10. The electronic device of claim 9, wherein performing the data analysis on the first data comprises:
obtaining auxiliary information related to use of the first data;
generating a data analysis instruction for the first data based on the user input and the auxiliary information using a machine learning model; and
executing the data analysis instruction on the first data based on the first identification.
11. The electronic device of claim 10, wherein the operations further comprise:
storing the auxiliary information in the first area in response to determining the first data, and wherein obtaining the auxiliary information comprises:
reading the auxiliary information from the first area based on the first identification.
12. The electronic device of claim 10, wherein the auxiliary information comprises at least one of:
metadata information of the first data,
source information of the first data, or
description information corresponding to one or more fields comprised in the first data.
13. The electronic device of claim 9, wherein performing the data analysis on the first data comprises:
obtaining a data analysis instruction for the first data;
loading the first data into an execution environment of the data analysis instruction based on the first identification; and
executing the data analysis instruction on the first data loaded into the execution environment.
14. The electronic device of claim 9, wherein the first data is determined by:
invoking a first functional block to generate a data query instruction; and
retrieving the first data from one or more data sources by executing the data query instruction, and
the data analysis instruction for the data analysis is implemented by invoking a second functional block.
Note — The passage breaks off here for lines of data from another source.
(* For a happy sequent $G$, its model $\mathcal{M}(G)=\langle \mathrm{Lab}(G), \le_G, R_G, V\rangle$ is a birelational model in which $R_G$ is transitive and reflexive, and which has the following two properties: (i) if $x:A$ occurs on the left-hand side of $G$, then $x \Vdash A$ in $\mathcal{M}(G)$; (ii) if $x:A$ occurs on the right-hand side of $G$, then $x \not\Vdash A$ in $\mathcal{M}(G)$.
   Context: Formulas are built from atoms $a$ and $\bot$ by $\wedge,\vee,\supset,\Box,\Diamond$. A birelational model $\langle W,R,\le,V\rangle$ consists of a nonempty set $W$, a relation $R$, a preorder $\le$ on $W$ satisfying (F1) if $xRy$ and $y\le z$ then there is $u$ with $x\le u$ and $uRz$, and (F2) if $x\le z$ and $xRy$ then there is $u$ with $zRu$ and $y\le u$, and a valuation $V\colon W\to 2^{\mathrm{Atoms}}$ that is monotone along $\le$. Forcing: $w\Vdash a$ iff $a\in V(w)$; $w\not\Vdash\bot$; $\wedge,\vee$ pointwise; $w\Vdash A\supset B$ iff for all $w'\ge w$, $w'\Vdash A$ implies $w'\Vdash B$; $w\Vdash\Box A$ iff for all $w',u$ with $w\le w'$ and $w'Ru$, $u\Vdash A$; $w\Vdash\Diamond A$ iff there is $u$ with $wRu$ and $u\Vdash A$. A labelled sequent $G$ is $\mathcal{R},\Gamma\Longrightarrow\Delta$, where $\mathcal{R}$ is a set of relational atoms $x\le y$ and $xRy$ between labels, and $\Gamma,\Delta$ are multisets of labelled formulas $x:A$. Write $x\le_G y$ ($xR_Gy$) if that atom is in $\mathcal{R}$; write $x:A^\bullet$ if $x:A\in\Gamma$ and $x:A^\circ$ if $x:A\in\Delta$; $\mathrm{Lab}(G)$ is the set of labels of $G$. A labelled formula is happy in $G$ as follows: $x:a^\bullet$ always; $x:a^\circ$ iff not $x:a^\bullet$; $x:\bot^\bullet$ never; $x:\bot^\circ$ always; $x:(A\wedge B)^\bullet$ iff $x:A^\bullet$ and $x:B^\bullet$; $x:(A\wedge B)^\circ$ iff $x:A^\circ$ or $x:B^\circ$; $x:(A\vee B)^\bullet$ iff $x:A^\bullet$ or $x:B^\bullet$; $x:(A\vee B)^\circ$ iff $x:A^\circ$ and $x:B^\circ$; $x:(A\supset B)^\bullet$ iff $x:A^\circ$ or $x:B^\bullet$; $x:(A\supset B)^\circ$ iff $y:A^\bullet$ and $y:B^\circ$ for some $y$ with $x\le_G y$; $x:(\Box A)^\bullet$ iff $z:A^\bullet$ and $z:(\Box A)^\bullet$ for all $z$ with $xR_Gz$; $x:(\Box A)^\circ$ iff $z:A^\circ$ for some $y,z$ with $x\le_G y$, $yR_Gz$; $x:(\Diamond A)^\bullet$ iff $y:A^\bullet$ for some $y$ with $xR_Gy$; $x:(\Diamond A)^\circ$ iff $y:A^\circ$ and $y:(\Diamond A)^\circ$ for all $y$ with $xR_Gy$. A label is happy iff all formulas occurring at it are happy. $G$ is structurally saturated iff: if $x\le_G y$ and $x:C^\bullet$ then $y:C^\bullet$; (F1) and (F2) hold for $R_G,\le_G$; $\le_G$ and $R_G$ are reflexive on all labels of $G$ and transitive. $G$ is happy iff it is structurally saturated and all its labels are happy. The model of $G$ is $\mathcal{M}(G)=\langle \mathrm{Lab}(G),\le_G,R_G,V\rangle$ with $a\in V(w)$ iff $w:a^\bullet$ in $G$. *)

theory Defs
  imports Main "HOL-Library.Multiset"
begin

datatype 'a fm =
    Atom 'a
  | Bot
  | And "'a fm" "'a fm"
  | Or "'a fm" "'a fm"
  | Imp "'a fm" "'a fm"
  | Box "'a fm"
  | Dia "'a fm"

text \<open>A birelational model with carrier W, modal relation R, intuitionistic preorder le
  and valuation V. Relations are given as predicates; they are required to live on W.\<close>

definition birel_model ::
  "'w set \<Rightarrow> ('w \<Rightarrow> 'w \<Rightarrow> bool) \<Rightarrow> ('w \<Rightarrow> 'w \<Rightarrow> bool) \<Rightarrow> ('w \<Rightarrow> 'a set) \<Rightarrow> bool" where
  "birel_model W R le V \<longleftrightarrow>
     W \<noteq> {} \<and>
     (\<forall>x y. R x y \<longrightarrow> x \<in> W \<and> y \<in> W) \<and>
     (\<forall>x y. le x y \<longrightarrow> x \<in> W \<and> y \<in> W) \<and>
     (\<forall>x\<in>W. le x x) \<and>
     (\<forall>x y z. le x y \<longrightarrow> le y z \<longrightarrow> le x z) \<and>
     (\<forall>x y z. R x y \<longrightarrow> le y z \<longrightarrow> (\<exists>u. le x u \<and> R u z)) \<and>
     (\<forall>x y z. le x z \<longrightarrow> R x y \<longrightarrow> (\<exists>u. R z u \<and> le y u)) \<and>
     (\<forall>x y. le x y \<longrightarrow> V x \<subseteq> V y)"

fun forces ::
  "('w \<Rightarrow> 'w \<Rightarrow> bool) \<Rightarrow> ('w \<Rightarrow> 'w \<Rightarrow> bool) \<Rightarrow> ('w \<Rightarrow> 'a set) \<Rightarrow> 'w \<Rightarrow> 'a fm \<Rightarrow> bool" where
  "forces R le V w (Atom a) = (a \<in> V w)"
| "forces R le V w Bot = False"
| "forces R le V w (And A B) = (forces R le V w A \<and> forces R le V w B)"
| "forces R le V w (Or A B) = (forces R le V w A \<or> forces R le V w B)"
| "forces R le V w (Imp A B) =
     (\<forall>w'. le w w' \<longrightarrow> forces R le V w' A \<longrightarrow> forces R le V w' B)"
| "forces R le V w (Box A) = (\<forall>w' u. le w w' \<longrightarrow> R w' u \<longrightarrow> forces R le V u A)"
| "forces R le V w (Dia A) = (\<exists>u. R w u \<and> forces R le V u A)"

datatype 'l rel_atom = LeAt 'l 'l | RAt 'l 'l

datatype ('l, 'a) sequent =
  Sequent "'l rel_atom set" "('l \<times> 'a fm) multiset" "('l \<times> 'a fm) multiset"

fun rels :: "('l, 'a) sequent \<Rightarrow> 'l rel_atom set" where
  "rels (Sequent \<R> \<Gamma> \<Delta>) = \<R>"
fun lhs :: "('l, 'a) sequent \<Rightarrow> ('l \<times> 'a fm) multiset" where
  "lhs (Sequent \<R> \<Gamma> \<Delta>) = \<Gamma>"
fun rhs :: "('l, 'a) sequent \<Rightarrow> ('l \<times> 'a fm) multiset" where
  "rhs (Sequent \<R> \<Gamma> \<Delta>) = \<Delta>"

definition leG :: "('l, 'a) sequent \<Rightarrow> 'l \<Rightarrow> 'l \<Rightarrow> bool" where
  "leG G x y \<longleftrightarrow> LeAt x y \<in> rels G"
definition RG :: "('l, 'a) sequent \<Rightarrow> 'l \<Rightarrow> 'l \<Rightarrow> bool" where
  "RG G x y \<longleftrightarrow> RAt x y \<in> rels G"

definition inL :: "('l, 'a) sequent \<Rightarrow> 'l \<Rightarrow> 'a fm \<Rightarrow> bool" where
  "inL G x A \<longleftrightarrow> (x, A) \<in># lhs G"
definition inR :: "('l, 'a) sequent \<Rightarrow> 'l \<Rightarrow> 'a fm \<Rightarrow> bool" where
  "inR G x A \<longleftrightarrow> (x, A) \<in># rhs G"

fun labs_rel :: "'l rel_atom \<Rightarrow> 'l set" where
  "labs_rel (LeAt x y) = {x, y}"
| "labs_rel (RAt x y) = {x, y}"

definition Lab :: "('l, 'a) sequent \<Rightarrow> 'l set" where
  "Lab G = (\<Union>r\<in>rels G. labs_rel r) \<union> fst ` set_mset (lhs G) \<union> fst ` set_mset (rhs G)"

fun happyL :: "('l, 'a) sequent \<Rightarrow> 'l \<Rightarrow> 'a fm \<Rightarrow> bool" where
  "happyL G x (Atom a) = True"
| "happyL G x Bot = False"
| "happyL G x (And A B) = (inL G x A \<and> inL G x B)"
| "happyL G x (Or A B) = (inL G x A \<or> inL G x B)"
| "happyL G x (Imp A B) = (inR G x A \<or> inL G x B)"
| "happyL G x (Box A) = (\<forall>z. RG G x z \<longrightarrow> inL G z A \<and> inL G z (Box A))"
| "happyL G x (Dia A) = (\<exists>y. RG G x y \<and> inL G y A)"

fun happyR :: "('l, 'a) sequent \<Rightarrow> 'l \<Rightarrow> 'a fm \<Rightarrow> bool" where
  "happyR G x (Atom a) = (\<not> inL G x (Atom a))"
| "happyR G x Bot = True"
| "happyR G x (And A B) = (inR G x A \<or> inR G x B)"
| "happyR G x (Or A B) = (inR G x A \<and> inR G x B)"
| "happyR G x (Imp A B) = (\<exists>y. leG G x y \<and> inL G y A \<and> inR G y B)"
| "happyR G x (Box A) = (\<exists>y z. leG G x y \<and> RG G y z \<and> inR G z A)"
| "happyR G x (Dia A) = (\<forall>y. RG G x y \<longrightarrow> inR G y A \<and> inR G y (Dia A))"

definition happy_label :: "('l, 'a) sequent \<Rightarrow> 'l \<Rightarrow> bool" where
  "happy_label G x \<longleftrightarrow>
     (\<forall>A. (inL G x A \<longrightarrow> happyL G x A) \<and> (inR G x A \<longrightarrow> happyR G x A))"

definition struct_saturated :: "('l, 'a) sequent \<Rightarrow> bool" where
  "struct_saturated G \<longleftrightarrow>
     (\<forall>x y C. leG G x y \<longrightarrow> inL G x C \<longrightarrow> inL G y C) \<and>
     (\<forall>x y z. RG G x y \<longrightarrow> leG G y z \<longrightarrow> (\<exists>u. leG G x u \<and> RG G u z)) \<and>
     (\<forall>x y z. leG G x z \<longrightarrow> RG G x y \<longrightarrow> (\<exists>u. RG G z u \<and> leG G y u)) \<and>
     (\<forall>x\<in>Lab G. leG G x x \<and> RG G x x) \<and>
     (\<forall>x y z. leG G x y \<longrightarrow> leG G y z \<longrightarrow> leG G x z) \<and>
     (\<forall>x y z. RG G x y \<longrightarrow> RG G y z \<longrightarrow> RG G x z)"

definition happy :: "('l, 'a) sequent \<Rightarrow> bool" where
  "happy G \<longleftrightarrow> struct_saturated G \<and> (\<forall>x\<in>Lab G. happy_label G x)"

definition VG :: "('l, 'a) sequent \<Rightarrow> 'l \<Rightarrow> 'a set" where
  "VG G w = {a. inL G w (Atom a)}"

end

theory Submission
  imports Defs
begin

text \<open>The frame conditions of the model are literally those of structural saturation. The
  truth lemma goes by induction on the formula: happiness of a label supplies exactly the
  witness demanded by each existential forcing clause (implication and box on the right,
  diamond on the left), while the universal clauses of implication and box on the left range
  over \<open>\<le>\<close>-successors, which carry every left formula by saturation and are happy
  themselves.\<close>

lemma inL_in_Lab: "inL G x A \<Longrightarrow> x \<in> Lab G"
  unfolding inL_def Lab_def by force

lemma inR_in_Lab: "inR G x A \<Longrightarrow> x \<in> Lab G"
  unfolding inR_def Lab_def by force

lemma leG_in_Lab: "leG G x y \<Longrightarrow> x \<in> Lab G \<and> y \<in> Lab G"
  unfolding leG_def Lab_def by force

lemma RG_in_Lab: "RG G x y \<Longrightarrow> x \<in> Lab G \<and> y \<in> Lab G"
  unfolding RG_def Lab_def by force

lemma struct_saturated_birel_model:
  assumes "struct_saturated G" and "Lab G \<noteq> {}"
  shows "birel_model (Lab G) (RG G) (leG G) (VG G)"
proof -
  have "\<forall>x y. leG G x y \<longrightarrow> VG G x \<subseteq> VG G y"
    using assms(1) unfolding struct_saturated_def VG_def by blast
  moreover have "\<forall>x\<in>Lab G. leG G x x"
    using assms(1) unfolding struct_saturated_def by blast
  ultimately show ?thesis
    using assms unfolding birel_model_def struct_saturated_def
    by (simp add: RG_in_Lab leG_in_Lab)
qed

lemma happy_inL_happyL: "happy G \<Longrightarrow> inL G x A \<Longrightarrow> happyL G x A"
  using inL_in_Lab[of G x A] unfolding happy_def happy_label_def by blast

lemma happy_inR_happyR: "happy G \<Longrightarrow> inR G x A \<Longrightarrow> happyR G x A"
  using inR_in_Lab[of G x A] unfolding happy_def happy_label_def by blast

lemma happy_inL_mono: "happy G \<Longrightarrow> leG G x y \<Longrightarrow> inL G x A \<Longrightarrow> inL G y A"
  unfolding happy_def struct_saturated_def by blast

abbreviation forcesG :: "('l, 'a) sequent \<Rightarrow> 'l \<Rightarrow> 'a fm \<Rightarrow> bool" where
  "forcesG G \<equiv> forces (RG G) (leG G) (VG G)"

lemma happy_truth:
  assumes "happy G"
  shows "(inL G x A \<longrightarrow> forcesG G x A) \<and> (inR G x A \<longrightarrow> \<not> forcesG G x A)"
proof (induction A arbitrary: x)
  case (Atom a)
  show ?case
    using happy_inR_happyR[OF assms, of x "Atom a"] by (auto simp: VG_def)
next
  case Bot
  show ?case
    using happy_inL_happyL[OF assms, of x Bot] by auto
next
  case (And A B)
  then show ?case
    using happy_inL_happyL[OF assms, of x "And A B"] happy_inR_happyR[OF assms, of x "And A B"]
    by auto
next
  case (Or A B)
  then show ?case
    using happy_inL_happyL[OF assms, of x "Or A B"] happy_inR_happyR[OF assms, of x "Or A B"]
    by auto
next
  case (Imp A B)
  have "forcesG G x (Imp A B)" if "inL G x (Imp A B)"
  proof (simp, intro allI impI)
    fix w assume "leG G x w" and "forcesG G w A"
    with that have "inL G w (Imp A B)" using happy_inL_mono[OF assms] by blast
    then have "inR G w A \<or> inL G w B" using happy_inL_happyL[OF assms] by fastforce
    with Imp.IH \<open>forcesG G w A\<close> show "forcesG G w B" by blast
  qed
  moreover have "\<not> forcesG G x (Imp A B)" if "inR G x (Imp A B)"
    using happy_inR_happyR[OF assms that] Imp.IH by auto
  ultimately show ?case by blast
next
  case (Box A)
  have "forcesG G x (Box A)" if "inL G x (Box A)"
  proof (simp, intro allI impI)
    fix w u assume "leG G x w" and "RG G w u"
    with that have "inL G w (Box A)" using happy_inL_mono[OF assms] by blast
    with \<open>RG G w u\<close> have "inL G u A" using happy_inL_happyL[OF assms] by fastforce
    with Box.IH show "forcesG G u A" by blast
  qed
  moreover have "\<not> forcesG G x (Box A)" if "inR G x (Box A)"
    using happy_inR_happyR[OF assms that] Box.IH by auto
  ultimately show ?case by blast
next
  case (Dia A)
  then show ?case
    using happy_inL_happyL[OF assms, of x "Dia A"] happy_inR_happyR[OF assms, of x "Dia A"]
    by auto
qed

theorem mainTheorem3:
  fixes G :: "('l, 'a) sequent"
  assumes "happy G"
    and "Lab G \<noteq> {}"
  shows "birel_model (Lab G) (RG G) (leG G) (VG G)
       \<and> (\<forall>x\<in>Lab G. RG G x x)
       \<and> (\<forall>x y z. RG G x y \<longrightarrow> RG G y z \<longrightarrow> RG G x z)
       \<and> (\<forall>x A. (x, A) \<in># lhs G \<longrightarrow> forces (RG G) (leG G) (VG G) x A)
       \<and> (\<forall>x A. (x, A) \<in># rhs G \<longrightarrow> \<not> forces (RG G) (leG G) (VG G) x A)"
proof -
  have saturated: "struct_saturated G"
    using assms(1) unfolding happy_def by simp
  then have "\<forall>x\<in>Lab G. RG G x x" and "\<forall>x y z. RG G x y \<longrightarrow> RG G y z \<longrightarrow> RG G x z"
    unfolding struct_saturated_def by simp_all
  moreover have "birel_model (Lab G) (RG G) (leG G) (VG G)"
    using struct_saturated_birel_model[OF saturated assms(2)] .
  moreover have "\<forall>x A. (x, A) \<in># lhs G \<longrightarrow> forcesG G x A"
    and "\<forall>x A. (x, A) \<in># rhs G \<longrightarrow> \<not> forcesG G x A"
    using happy_truth[OF assms(1)] unfolding inL_def inR_def by simp_all
  ultimately show ?thesis by simp
qed

end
15. The electronic device of claim 9, wherein the result of the data analysis comprises at least one of the following types of content:
at least one chart type,
at least one form type.
16. The electronic device of claim 9, wherein the first area comprises a key-value type data storage system, and the first identification comprises a key in the key-value type data storage system.
17. A non-transitory computer-readable storage medium, storing a computer program thereon, wherein the computer program is executable by a processor to perform operations comprising:
storing first data into a first area in response to determining the first data, data stored in the first area having a corresponding identification, and the first data determined based on a received user input;
performing data analysis on the first data based on a first identification corresponding to the first data; and
presenting a reply to the user input based on a result of the data analysis.
18. The storage medium of claim 17, wherein performing the data analysis on the first data comprises:
obtaining auxiliary information related to use of the first data;
generating a data analysis instruction for the first data based on the user input and the auxiliary information using a machine learning model; and
executing the data analysis instruction on the first data based on the first identification.
19. The storage medium of claim 18, wherein the operations further comprise:
storing the auxiliary information in the first area in response to determining the first data, and wherein obtaining the auxiliary information comprises:
reading the auxiliary information from the first area based on the first identification.
20. The storage medium of claim 18, wherein the auxiliary information comprises at least one of:
metadata information of the first data,
source information of the first data, or
description information corresponding to one or more fields comprised in the first data.